Problem details: Copy all lines holding the word "circ" from the entries.

=====

(* Let $X=X_1\times\cdots\times X_n$ be finite, $S=\{1,\ldots,n\}$, and let $\varrho(\mathcal{C})\ge 0$ be given for every partition $\mathcal{C}$ of $S$. Then the recombination equation \[ \dot\omega_t=\sum_{\mathcal{A}\in\boldsymbol{P}(S)}\varrho(\mathcal{A})\big(\mathcal{R}_{\mathcal{A}}(\omega_t)-\omega_t\big) \] for a differentiable curve $(\omega_t)_{t\ge0}$ of probability measures on $X$ is the law of mass action of the chemical reaction network consisting of the reactions \[ \sum_{j=1}^{|\mathcal{C}|} x^{(j)} \xrightarrow{\ \varrho(\mathcal{C})/|\mathcal{C}|\ } \sum_{j=1}^{|\mathcal{C}|}\ \bigsqcup_{i=1}^{|\mathcal{C}|}\pi_{C_i}\big(x^{(i+j-1)}\big), \] one for every $\mathcal{C}=\{C_1,\ldots,C_{|\mathcal{C}|}\}\in\boldsymbol{P}(S)$ and every ordered tuple $(x^{(1)},\ldots,x^{(|\mathcal{C}|)})\in X^{|\mathcal{C}|}$ (indices read modulo $|\mathcal{C}|$). That is, the recombination equation is equivalent to \[ \dot{\omega}_t = \sum_{\mathcal{C} \in \boldsymbol{P}(S)} \sum_{x^{(1)},\ldots,x^{(|\mathcal{C}|)} \in X} \frac{\varrho(\mathcal{C})}{|\mathcal{C}|} \, \omega_t \big (x^{(1)} \big) \cdots \omega_t \big (x^{(|\mathcal{C}|)} \big) \sum_{j = 1}^{|\mathcal{C}|} \Big ( \bigsqcup_{i = 1}^{|\mathcal{C}|} \pi_{C_i} \big (x^{(i + j -1)} \big) - x^{(j)} \Big ). \]
   Context: $\boldsymbol{P}(S)$ is the set of partitions of $S$; blocks of a partition $\mathcal{C}$ are enumerated so that $C_1$ contains $1$ and, for $k\ge 2$, $C_k$ contains the smallest element not in $C_1\cup\cdots\cup C_{k-1}$. For $A\subseteq S$, $\pi_A:X\to\prod_{i\in A}X_i$ is the coordinate projection; for pairwise disjoint $U_1,\ldots,U_k$ and sequences $y^{(\ell)}$ indexed by $U_\ell$, $y^{(1)}\sqcup\cdots\sqcup y^{(k)}$ is the sequence indexed by $\bigcup U_\ell$ with entry $y^{(j)}_i$ at site $i\in U_j$. The recombinator is $\mathcal{R}_{\mathcal{A}}(\nu)=\bigotimes_{i=1}^{|\mathcal{A}|}\pi_{A_i}.\nu$ (product of push-forward marginals). Measures on the finite set $X$ are identified with vectors in $\mathbb{R}^X$, and each $x\in X$ with the point mass $\delta_x$ (basis vector); so sums of elements of $X$ are sums of vectors. A chemical reaction network on a finite species set $\mathcal{S}$ is a finite collection of reactions $r_1+\cdots+r_m\xrightarrow{\kappa}s_1+\cdots+s_m$ with $r_i,s_i\in\mathcal{S}$ and $\kappa\ge0$; its law of mass action is the ODE $\dot c_t=\sum \kappa\, c_t(r_1)\cdots c_t(r_m)\,(s_1+\cdots+s_m-r_1-\cdots-r_m)$, summed over all reactions, for the concentration vector $c_t\in\mathbb{R}^{\mathcal{S}}$. *)

theory Defs
  imports "HOL-Analysis.Analysis" "HOL-Library.Disjoint_Sets" "HOL-Library.FuncSet"
begin

definition partitions :: "'s set \<Rightarrow> 's set set set" where
  "partitions S = {C. partition_on S C}"

(* Enumeration of the blocks of a partition C of S (0-indexed): the first block
   contains Min S, block k contains the smallest element of S not in the
   previous blocks. blocks_upto S C k lists the first k blocks. *)
fun blocks_upto :: "nat set \<Rightarrow> nat set set \<Rightarrow> nat \<Rightarrow> nat set list" where
  "blocks_upto S C 0 = []"
| "blocks_upto S C (Suc k) =
     (let prev = blocks_upto S C k;
          m = Min (S - \<Union>(set prev))
      in prev @ [THE B. B \<in> C \<and> m \<in> B])"

(* block S C k = C_{k+1} in the paper's (1-indexed) numbering *)
definition block :: "nat set \<Rightarrow> nat set set \<Rightarrow> nat \<Rightarrow> nat set" where
  "block S C k = blocks_upto S C (Suc k) ! k"
(* Let $G$ be a connected graph with vertex set $\{u_1,\dots,u_n\}$, $n\ge2$, and let $\mathcal{H}=\{H_1,\dots,H_n\}$ be a family of connected graphs such that each $H_i$ either has radius $r(H_i)\ge4$, or is not a tree and has girth $\mathtt{g}(H_i)\ge7$. Then $$\dim_l(G\circ\mathcal{H})=\sum_{i=1}^n\dim_l(K_1+H_i)=\sum_{i=1}^n\operatorname{adim}_l(H_i).$$
   Context: All graphs are finite and simple. $d_G$ is shortest-path distance, $d_{G,2}=\min\{d_G,2\}$; $s$ distinguishes $x,y$ w.r.t. $d$ if $d(s,x)\ne d(s,y)$. $\dim_l(G)$ (connected $G$): minimum size of $S\subseteq V(G)$ such that any two adjacent vertices are distinguished w.r.t. $d_G$ by some vertex of $S$. $\operatorname{adim}_l(H)$: minimum size of $S\subseteq V(H)$ such that any two adjacent vertices are distinguished w.r.t. $d_{H,2}$ by some vertex of $S$. $K_1+H$: a new vertex joined to every vertex of $H$. Lexicographic product $G\circ\mathcal{H}$: vertex set $\bigcup_i\{u_i\}\times V(H_i)$, $(u_i,v)\sim(u_j,w)$ iff $u_iu_j\in E(G)$, or $i=j$ and $vw\in E(H_i)$. *)

theory Defs
  imports Main "HOL-Library.Extended_Nat"
begin

record 'a graph =
  verts :: "'a set"
  edges :: "'a set set"

definition simple_graph :: "'a graph \<Rightarrow> bool" where
  "simple_graph G \<longleftrightarrow> finite (verts G) \<and>
     (\<forall>e\<in>edges G. \<exists>u v. e = {u, v} \<and> u \<noteq> v \<and> u \<in> verts G \<and> v \<in> verts G)"

definition adj :: "'a graph \<Rightarrow> 'a \<Rightarrow> 'a \<Rightarrow> bool" where
  "adj G u v \<longleftrightarrow> {u, v} \<in> edges G"

definition walk :: "'a graph \<Rightarrow> 'a list \<Rightarrow> bool" where
  "walk G xs \<longleftrightarrow> xs \<noteq> [] \<and> set xs \<subseteq> verts G \<and>
     (\<forall>i. Suc i < length xs \<longrightarrow> adj G (xs ! i) (xs ! Suc i))"
lemma ell2_add:
  assumes "u \<in> ell2" "v \<in> ell2"
  shows "(\<lambda>x. u x + v x) \<in> ell2" "l2norm (\<lambda>x. u x + v x) \<le> l2norm u + l2norm v"
proof -
  have sums: "sum (sqmod (\<lambda>x. u x + v x)) G \<le> (l2norm u + l2norm v)\<^sup>2" if "finite G" for G
  proof -
    have "L2_set (\<lambda>x. cmod (u x + v x)) G \<le> L2_set (\<lambda>x. cmod (u x) + cmod (v x)) G"
      by (rule L2_set_mono) (auto simp: norm_triangle_ineq)
    also have "\<dots> \<le> L2_set (\<lambda>x. cmod (u x)) G + L2_set (\<lambda>x. cmod (v x)) G"
      by (rule L2_set_triangle_ineq)
    also have "\<dots> \<le> l2norm u + l2norm v"
      using L2_set_le_l2norm[OF assms(1) that] L2_set_le_l2norm[OF assms(2) that] by simp
    finally have "sqrt (sum (sqmod (\<lambda>x. u x + v x)) G) \<le> l2norm u + l2norm v"
      unfolding L2_set_def .
    then have "(sqrt (sum (sqmod (\<lambda>x. u x + v x)) G))\<^sup>2 \<le> (l2norm u + l2norm v)\<^sup>2"
      by (rule power_mono) (auto intro!: sum_nonneg)
    then show ?thesis by (simp add: sum_nonneg)
  qed
  have nonneg: "0 \<le> l2norm u + l2norm v" by (simp add: l2norm_nonneg)
  from sums nonneg show "(\<lambda>x. u x + v x) \<in> ell2" by (rule ell2_finite_sums_bounded)
  from sums nonneg show "l2norm (\<lambda>x. u x + v x) \<le> l2norm u + l2norm v" by (rule ell2_finite_sums_bounded)
qed

lemma ell2_scale:
  assumes "u \<in> ell2"
  shows "(\<lambda>x. c * u x) \<in> ell2" "l2norm (\<lambda>x. c * u x) = cmod c * l2norm u"
proof -
  have sqmod_scale: "sqmod (\<lambda>x. c * u x) = (\<lambda>x. (cmod c)\<^sup>2 * sqmod u x)"
    by (auto simp: norm_mult power_mult_distrib)
  have summable: "sqmod u summable_on UNIV" using assms unfolding ell2_def by simp
  show "(\<lambda>x. c * u x) \<in> ell2" unfolding ell2_def
    using summable_on_cmult_right[OF summable, of "(cmod c)\<^sup>2"] by (simp add: norm_mult power_mult_distrib)
  have "(l2norm (\<lambda>x. c * u x))\<^sup>2 = (cmod c * l2norm u)\<^sup>2"
    unfolding l2norm_power2 sqmod_scale power_mult_distrib infsum_cmult_right[OF summable] by simp
  then show "l2norm (\<lambda>x. c * u x) = cmod c * l2norm u"
    by (simp add: l2norm_nonneg power2_eq_iff_nonneg)
qed

lemma ell2_diff:
  assumes "u \<in> ell2" "v \<in> ell2"
  shows "(\<lambda>x. u x - v x) \<in> ell2" "l2norm (\<lambda>x. u x - v x) \<le> l2norm u + l2norm v"
  using ell2_add[OF assms(1) ell2_scale(1)[OF assms(2), of "-1"]] ell2_scale(2)[OF assms(2), of "-1"]
  by simp_all

lemma ell2_zero: "(\<lambda>x. 0) \<in> ell2" "l2norm (\<lambda>x. 0) = 0"
  unfolding ell2_def l2norm_def by simp_all

lemma norm_le_l2norm: "\<xi> \<in> ell2 \<Longrightarrow> cmod (\<xi> y) \<le> l2norm \<xi>"
  using sum_sqmod_le_l2norm[of \<xi> "{y}"] by (intro power2_le_imp_le[OF _ l2norm_nonneg]) simp
(* Let $k<n$ and let $G=[I_k\mid A]$ be a $k\times n$ binary matrix in systematic form, where $A$ is a $k\times(n-k)$ binary matrix whose $i$-th row is $g_i\in(\mathbb{F}_2)^{n-k}$. Let $\mathcal{C}\subseteq(\mathbb{F}_2)^n$ be the binary linear code spanned by the rows of $G$. Let $X_1,\dots,X_n$ be i.i.d. $\mathbb{F}_2$-valued random variables, and for $x\in\mathbb{F}_2$ write $P(X_1=x)=\tfrac12+v(x)$. Thus $v(0)=-v(1)$. Use the convention $v(\cdot)^0=1$ and $v(\cdot)^1=v(\cdot)$. Let $\bar Y=G(X_1,\dots,X_n)^T$. For $\gamma=(\gamma_1,\dots,\gamma_k)\in(\mathbb{F}_2)^k$ and $b=(b_1,\dots,b_n)\in(\mathbb{F}_2)^n$ of Hamming weight $W(b)$, define $$T(b,\gamma)=\frac{1}{2^{\,n-W(b)}}\sum_{\omega=(\omega_{k+1},\dots,\omega_n)\in(\mathbb{F}_2)^{n-k}}\ \prod_{i=1}^{k}v(\gamma_i+g_i\cdot\omega)^{b_i}\prod_{j=k+1}^{n}v(\omega_j)^{b_j},$$ where $g_i\cdot\omega$ denotes the standard dot product over $\mathbb{F}_2$. Then: (i) $P(\bar Y=\gamma)=\sum_{b\in(\mathbb{F}_2)^n}T(b,\gamma)$; (ii) $T(b,\gamma)=0$ for every $b\notin\mathcal{C}$ and every $\gamma$; (iii) $T(0,\gamma)=2^{-k}$. Consequently, $$P(\bar Y=\gamma)-\frac{1}{2^k}=\sum_{b\in\mathcal{C}\setminus\{0\}}T(b,\gamma)$$ for every $\gamma\in(\mathbb{F}_2)^k$.
   Context: A binary matrix $G$ is in systematic form if its first $k$ columns form the $k\times k$ identity matrix $I_k$. The Hamming weight $W(b)$ of $b\in(\mathbb{F}_2)^n$ is the number of indices $i$ with $b_i=1$. *)

theory Defs
  imports "HOL-Probability.Probability" "HOL-Library.Z2"
begin

definition vecs :: "nat set \<Rightarrow> (nat \<Rightarrow> bit) set" where
  "vecs I = {b. \<forall>i. i \<notin> I \<longrightarrow> b i = 0}"

text \<open>Systematic form of a k x n matrix G (rows 1..k, columns 1..n): first k columns form I_k.\<close>
definition systematic :: "nat \<Rightarrow> (nat \<Rightarrow> nat \<Rightarrow> bit) \<Rightarrow> bool" where
  "systematic k G \<longleftrightarrow> (\<forall>i\<in>{1..k}. \<forall>j\<in>{1..k}. G i j = (if i = j then 1 else 0))"

definition code :: "nat \<Rightarrow> nat \<Rightarrow> (nat \<Rightarrow> nat \<Rightarrow> bit) \<Rightarrow> (nat \<Rightarrow> bit) set" where
  "code k n G = {b \<in> vecs {1..n}. \<exists>c \<in> vecs {1..k}. \<forall>j\<in>{1..n}. b j = (\<Sum>i\<in>{1..k}. c i * G i j)}"

definition hweight :: "nat \<Rightarrow> (nat \<Rightarrow> bit) \<Rightarrow> nat" where
  "hweight n b = card {i\<in>{1..n}. b i = 1}"

definition bexp :: "bit \<Rightarrow> nat" where
  "bexp b = (if b = 1 then 1 else 0)"

text \<open>Row g_i of A = columns k+1..n of G, dotted with omega = (omega_{k+1},...,omega_n).\<close>
definition gdot :: "nat \<Rightarrow> nat \<Rightarrow> (nat \<Rightarrow> nat \<Rightarrow> bit) \<Rightarrow> nat \<Rightarrow> (nat \<Rightarrow> bit) \<Rightarrow> bit" where
  "gdot k n G i \<omega> = (\<Sum>j\<in>{k+1..n}. G i j * \<omega> j)"

definition T :: "nat \<Rightarrow> nat \<Rightarrow> (nat \<Rightarrow> nat \<Rightarrow> bit) \<Rightarrow> (bit \<Rightarrow> real)
                 \<Rightarrow> (nat \<Rightarrow> bit) \<Rightarrow> (nat \<Rightarrow> bit) \<Rightarrow> real" where
  "T k n G v b \<gamma> = 1 / 2 ^ (n - hweight n b) *
     (\<Sum>\<omega>\<in>vecs {k+1..n}.
        (\<Prod>i\<in>{1..k}. v (\<gamma> i + gdot k n G i \<omega>) ^ bexp (b i)) *
        (\<Prod>j\<in>{k+1..n}. v (\<omega> j) ^ bexp (b j)))"

definition Ybar :: "nat \<Rightarrow> (nat \<Rightarrow> nat \<Rightarrow> bit) \<Rightarrow> (nat \<Rightarrow> 'a \<Rightarrow> bit) \<Rightarrow> nat \<Rightarrow> 'a \<Rightarrow> bit" where
  "Ybar n G X i x = (\<Sum>j\<in>{1..n}. G i j * X j x)"

end

theory Submission
  imports Defs
begin

(* Write \<omega> for the free coordinates (k+1..n) of x \<in> F_2^n.  Because G = [I_k | A]
   is systematic, the solutions of G x = \<gamma> are exactly the vectors lift \<gamma> \<omega>, whose first k
   coordinates are \<gamma>_i + g_i.\<omega> and whose last n-k coordinates are \<omega>.  By independence,
     P(Ybar = \<gamma>) = \<Sum>_\<omega> \<Prod>_t (1/2 + v (lift \<gamma> \<omega> t)),
   and expanding each product over the subsets of {1..n} (indexed by b \<in> F_2^n) and exchanging
   the two sums gives (i).  For (ii), if b is not a codeword then some check column j0 has odd
   parity against b; toggling \<omega>_j0 shifts lift \<gamma> \<omega> by that column, and since v(x+1) = -v(x)
   (a consequence of P(X=0) + P(X=1) = 1) the summand of T(b,\<gamma>) changes sign, so the sum is 0
   by a sign-reversing involution.  (iii) is a count of the 2^(n-k) free vectors, and the final
   identity follows from (i)-(iii) by discarding the non-codewords and splitting off b = 0.
   The file develops: bit vectors and the product expansion; the character chi and the
   sign-reversing involution; the parametrisation of the fibres of a systematic code; the
   vanishing of T off the code; the probabilistic computation; and finally the theorem. *)

(* Keep bit arithmetic in ring form instead of rewriting it to XOR/AND, so that ring lemmas apply. *)
declare add_bit_eq_xor[simp del] mult_bit_eq_and[simp del]

lemma bit_add_eq_1_iff_neq: "(x::bit) + y = 1 \<longleftrightarrow> x \<noteq> y"
  by (cases x; cases y) auto

lemma bij_betw_Pow_vecs: "bij_betw (\<lambda>B i. of_bool (i \<in> B)) (Pow I) (vecs I)"
  by (rule bij_betw_byWitness[where f'="\<lambda>b. {i\<in>I. b i = 1}"])
     (auto simp: vecs_def fun_eq_iff)

lemma finite_vecs: "finite I \<Longrightarrow> finite (vecs I)"
  using bij_betw_finite[OF bij_betw_Pow_vecs] by auto

lemma card_vecs: "finite I \<Longrightarrow> card (vecs I) = 2 ^ card I"
  using bij_betw_same_card[OF bij_betw_Pow_vecs, of I] by (simp add: card_Pow)

(* With c = 1/2 this produces the weight
   2^-(n - W(b)) in T. *)
lemma prod_plus_expand:
  fixes c :: "'c :: comm_semiring_1" and a :: "nat \<Rightarrow> 'c"
  assumes "finite I"
  shows "(\<Prod>t\<in>I. c + a t)
       = (\<Sum>b\<in>vecs I. c ^ card {t\<in>I. b t \<noteq> 1} * (\<Prod>t\<in>I. a t ^ bexp (b t)))"
proof -
  have subset_summand: "(\<Prod>t\<in>B. a t) * (\<Prod>t\<in>I-B. c)
      = c ^ card {t\<in>I. of_bool (t \<in> B) \<noteq> (1::bit)} * (\<Prod>t\<in>I. a t ^ bexp (of_bool (t \<in> B)))"
    if "B \<subseteq> I" for B
  proof -
    have "(\<Prod>t\<in>I. a t ^ bexp (of_bool (t \<in> B))) = (\<Prod>t\<in>I. if t \<in> B then a t else 1)"
      by (rule prod.cong) (auto simp: bexp_def)
    also have "\<dots> = (\<Prod>t\<in>B. a t)"
      using prod.If_cases[OF assms, of "\<lambda>t. t \<in> B" a "\<lambda>_. 1"] that
      by (simp add: Int_absorb1)
    finally show ?thesis
      using that by (simp add: mult.commute set_diff_eq)
  qed
  have "(\<Prod>t\<in>I. c + a t) = (\<Sum>B\<in>Pow I. (\<Prod>t\<in>B. a t) * (\<Prod>t\<in>I-B. c))"
    using prod_add[OF assms, of a "\<lambda>_. c"] by (simp add: add.commute)
  also have "\<dots> = (\<Sum>B\<in>Pow I. c ^ card {t\<in>I. of_bool (t \<in> B) \<noteq> (1::bit)}
                      * (\<Prod>t\<in>I. a t ^ bexp (of_bool (t \<in> B))))"
    by (rule sum.cong[OF refl], rule subset_summand) blast
  also have "\<dots> = (\<Sum>b\<in>vecs I. c ^ card {t\<in>I. b t \<noteq> 1} * (\<Prod>t\<in>I. a t ^ bexp (b t)))"
    by (rule sum.reindex_bij_betw[OF bij_betw_Pow_vecs])
  finally show ?thesis .
qed
lemma br_ord_pos:
  assumes "B \<in> H2"
  shows "br_ord \<omega> B > 0"
proof -
  obtain n :: int where n: "n > 0" "vsmul (of_int n) B \<in> H2Z"
    using H2_integral_multiple[OF assms] by blast
  have "(\<lambda>_. 0) \<in> h2_qspan (NS \<omega>)"
  proof -
    have "vsmul 1 (\<lambda>_. 0) = (\<lambda>_. (0::rat))" by (rule ext) (simp add: vsmul_def)
    then show ?thesis using NS_zero by (auto simp: h2_qspan_def H2_def intro!: exI[of _ 1])
  qed
  then have "br_zero \<omega> (vsmul (of_nat (nat n)) B)"
    unfolding br_zero_def vadd_def using n
    by (intro exI[of _ "\<lambda>_. 0"] exI[of _ "vsmul (of_int n) B"]) auto
  then have "\<exists>k::nat. k > 0 \<and> br_zero \<omega> (vsmul (of_nat k) B)"
    using n by (intro exI[of _ "nat n"]) auto
  then show ?thesis
    unfolding br_ord_def by (metis (mono_tags, lifting) LeastI_ex)
qed

section \<open>The Mukai pairing and the integral Mukai lattice\<close>

lemma mpair_madd_left: "mpair (madd x y) v = mpair x v + mpair y v"
  by (cases x; cases y; cases v) (simp add: madd_def mpair_def bil_add_left algebra_simps)

lemma mpair_msub_left: "mpair (msub x y) v = mpair x v - mpair y v"
  by (cases x; cases y; cases v) (simp add: msub_def mpair_def bil_diff_left algebra_simps)

lemma mpair_msmul_left: "mpair (msmul c x) v = c * mpair x v"
  by (cases x; cases v) (simp add: msmul_def mpair_def bil_smul_left algebra_simps)

lemma madd_msmul_cancel:
  "madd (madd x (msmul c y)) (msmul (- c) y) = (x :: 'a::comm_ring_1 mv)"
  by (cases x; cases y) (simp add: madd_def msmul_def)

text \<open>Pairing with the image under e^B of a pure H^2 class t: it only sees the
  H^2 component of e^{-B} v.\<close>

lemma mpair_eB_H2:
  "mpair (eB B (0, t, 0)) (v1, v2, v3) = bil t (\<lambda>i. v2 i - v1 * B i)"
proof -
  have "eB B (0, t, 0) = (0, t, bil B t)"
    by (simp add: eB_def)
  then show ?thesis
    by (simp add: mpair_def bil_diff_right bil_smul_right bil_sym[of t B])
qed

lemma m_qspan_orth:
  assumes "x \<in> m_qspan L" and "\<forall>u\<in>L. mpair u v = 0"
  shows "mpair x v = 0"
proof -
  obtain m :: nat where "m > 0" "msmul (of_nat m) x \<in> L"
    using assms(1) by (auto simp: m_qspan_def)
  then show ?thesis using assms(2) by (auto simp: mpair_msmul_left)
qed

lemma h2_qspan_orth:
  assumes "x \<in> h2_qspan L" and "\<forall>u\<in>L. bil u v = 0"
  shows "bil x v = 0"
proof -
  obtain m :: nat where "m > 0" "vsmul (of_nat m) x \<in> L"
    using assms(1) by (auto simp: h2_qspan_def)
  then show ?thesis using assms(2) by (auto simp: vsmul_def[abs_def] bil_smul_left)
qed

text \<open>The dual of NS~(S) has integral H^0 and H^4 components, since it pairs
  integrally with the vectors (1,0,0) and (0,0,1) of NS~(S).\<close>

lemma NSt_dual_components:
  assumes "(a, l, b) \<in> m_dual (NSt \<omega>)"
  shows "a \<in> \<int>" and "b \<in> \<int>"
proof -
  have "(1, \<lambda>_. 0, 0) \<in> NSt \<omega>" and "(0, \<lambda>_. 0, 1) \<in> NSt \<omega>"
    using NS_zero by (auto simp: NSt_def MZ_def NS_def)
  then have "mpair (a, l, b) (1, \<lambda>_. 0, 0) \<in> \<int>" and "mpair (a, l, b) (0, \<lambda>_. 0, 1) \<in> \<int>"
    using assms by (auto simp: m_dual_def)
  then show "a \<in> \<int>" and "b \<in> \<int>" by (auto simp: mpair_def bil_def)
qed

lemma MZ_madd: "x \<in> MZ \<Longrightarrow> y \<in> MZ \<Longrightarrow> madd x y \<in> MZ"
  by (cases x; cases y) (auto simp: MZ_def H2Z_def H2_def madd_def)

lemma MZ_msub: "x \<in> MZ \<Longrightarrow> y \<in> MZ \<Longrightarrow> msub x y \<in> MZ"
  by (cases x; cases y) (auto simp: MZ_def H2Z_def H2_def msub_def)

lemma MZ_msmul: "c \<in> \<int> \<Longrightarrow> x \<in> MZ \<Longrightarrow> msmul c x \<in> MZ"
  by (cases x) (auto simp: MZ_def H2Z_def H2_def msmul_def)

=====

Final answer:
(* Let $G$ be a connected graph with vertex set $\{u_1,\dots,u_n\}$, $n\ge2$, and let $\mathcal{H}=\{H_1,\dots,H_n\}$ be a family of connected graphs such that each $H_i$ either has radius $r(H_i)\ge4$, or is not a tree and has girth $\mathtt{g}(H_i)\ge7$. Then $$\dim_l(G\circ\mathcal{H})=\sum_{i=1}^n\dim_l(K_1+H_i)=\sum_{i=1}^n\operatorname{adim}_l(H_i).$$
   Context: All graphs are finite and simple. $d_G$ is shortest-path distance, $d_{G,2}=\min\{d_G,2\}$; $s$ distinguishes $x,y$ w.r.t. $d$ if $d(s,x)\ne d(s,y)$. $\dim_l(G)$ (connected $G$): minimum size of $S\subseteq V(G)$ such that any two adjacent vertices are distinguished w.r.t. $d_G$ by some vertex of $S$. $\operatorname{adim}_l(H)$: minimum size of $S\subseteq V(H)$ such that any two adjacent vertices are distinguished w.r.t. $d_{H,2}$ by some vertex of $S$. $K_1+H$: a new vertex joined to every vertex of $H$. Lexicographic product $G\circ\mathcal{H}$: vertex set $\bigcup_i\{u_i\}\times V(H_i)$, $(u_i,v)\sim(u_j,w)$ iff $u_iu_j\in E(G)$, or $i=j$ and $vw\in E(H_i)$. *)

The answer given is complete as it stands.